_Material supplied_:
(* Let $\mathcal{F}=(W,R)$ be a finite transitive frame and let $X_\mathcal{F}$ and $f:X_\mathcal{F}\to W$ be constructed as described in the context (for any admissible choice of the spaces $X_C$). Then $f$ is a $d$-morphism from $X_\mathcal{F}$ onto $\mathcal{F}$.
   Context: For a topological space $X$ and $Y\subseteq X$: $\mathrm{cl}_X Y$ is the closure; a point $x$ is a limit point of $Y$ if every set $O-\{x\}$ with $O$ an open neighbourhood of $x$ meets $Y$; $\mathrm{d}_X Y$ (the derived set) is the set of limit points of $Y$. $Y$ is dense in $X$ if $\mathrm{cl}_XY=X$. A subset $S$ is crowded in $X$ if $S\subseteq \mathrm{d}_X S$ (i.e. $S$ has no isolated points as a subspace). A partition of $X$ into cells is dense (resp. crowded) if every cell is dense in $X$ (resp. crowded). Frames: $\mathcal{F}=(W,R)$ with $R$ transitive. $R^*$ is the reflexive closure of $R$. A cluster is an equivalence class of the relation $\{(x,y): x=y \text{ or } xRyRx\}$; the cluster of $x$ is $C_x$. A cluster $C_x$ is degenerate if $x$ is irreflexive (then $C_x=\{x\}$), otherwise non-degenerate. $R$ lifts to clusters by $C_xRC_y$ iff $xRy$. Write $CR^{\uparrow}C'$ if $CRC'$ but not $C'RC$. The Alexandrov space $W_R$ is $W$ with topology whose open sets are the $R$-up-sets (sets $O$ with $w\in O, wRv\Rightarrow v\in O$). A $d$-morphism from a space $X$ to a transitive frame $\mathcal{F}=(W,R)$ is a function $f:X\to W$ such that (i) $f$ is continuous and open as a map $X\to W_R$; (ii) if $w$ is $R$-reflexive then $f^{-1}\{w\}$ is crowded in $X$; (iii) if $w$ is $R$-irreflexive then $f^{-1}\{w\}\cap \mathrm{d}_X f^{-1}\{w\}=\emptyset$. Construction of $X_\mathcal{F}$: let $\mathcal{F}=(W,R)$ be finite transitive with set of clusters $\mathscr{C}$. For each $C\in\mathscr{C}$ choose a space $X_C$ with a partition $\{X_w:w\in C\}$: if $C=\{w\}$ is degenerate, $X_C=X_w=\{w\}$ (one-point space); if $C=\{w_1,\dots,w_k\}$ is non-degenerate, $X_C$ is a space with a crowded dense $k$-partition whose cells are labelled $X_{w_1},\dots,X_{w_k}$. The $X_C$ are pairwise disjoint. Let $X_\mathcal{F}=\bigcup_{C\in\mathscr{C}}X_C$, where $O\subseteq X_\mathcal{F}$ is open iff for every $C\in\mathscr{C}$, $O\cap X_C$ is open in $X_C$, and if $O\cap X_C\neq\emptyset$ then $X_{C'}\subseteq O$ for every $C'$ with $CR^\uparrow C'$. Define $f:X_\mathcal{F}\to W$ by $f(x)=w$ iff $x\in X_w$. *)

theory Defs
  imports "HOL-Analysis.Analysis"
begin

_Work order_:
Reproduce verbatim the stretch of lines beginning with the one containing "theory Defs" and ending at the close of the entries above.

_Response to the exercise_:
theory Defs
  imports "HOL-Analysis.Analysis"
begin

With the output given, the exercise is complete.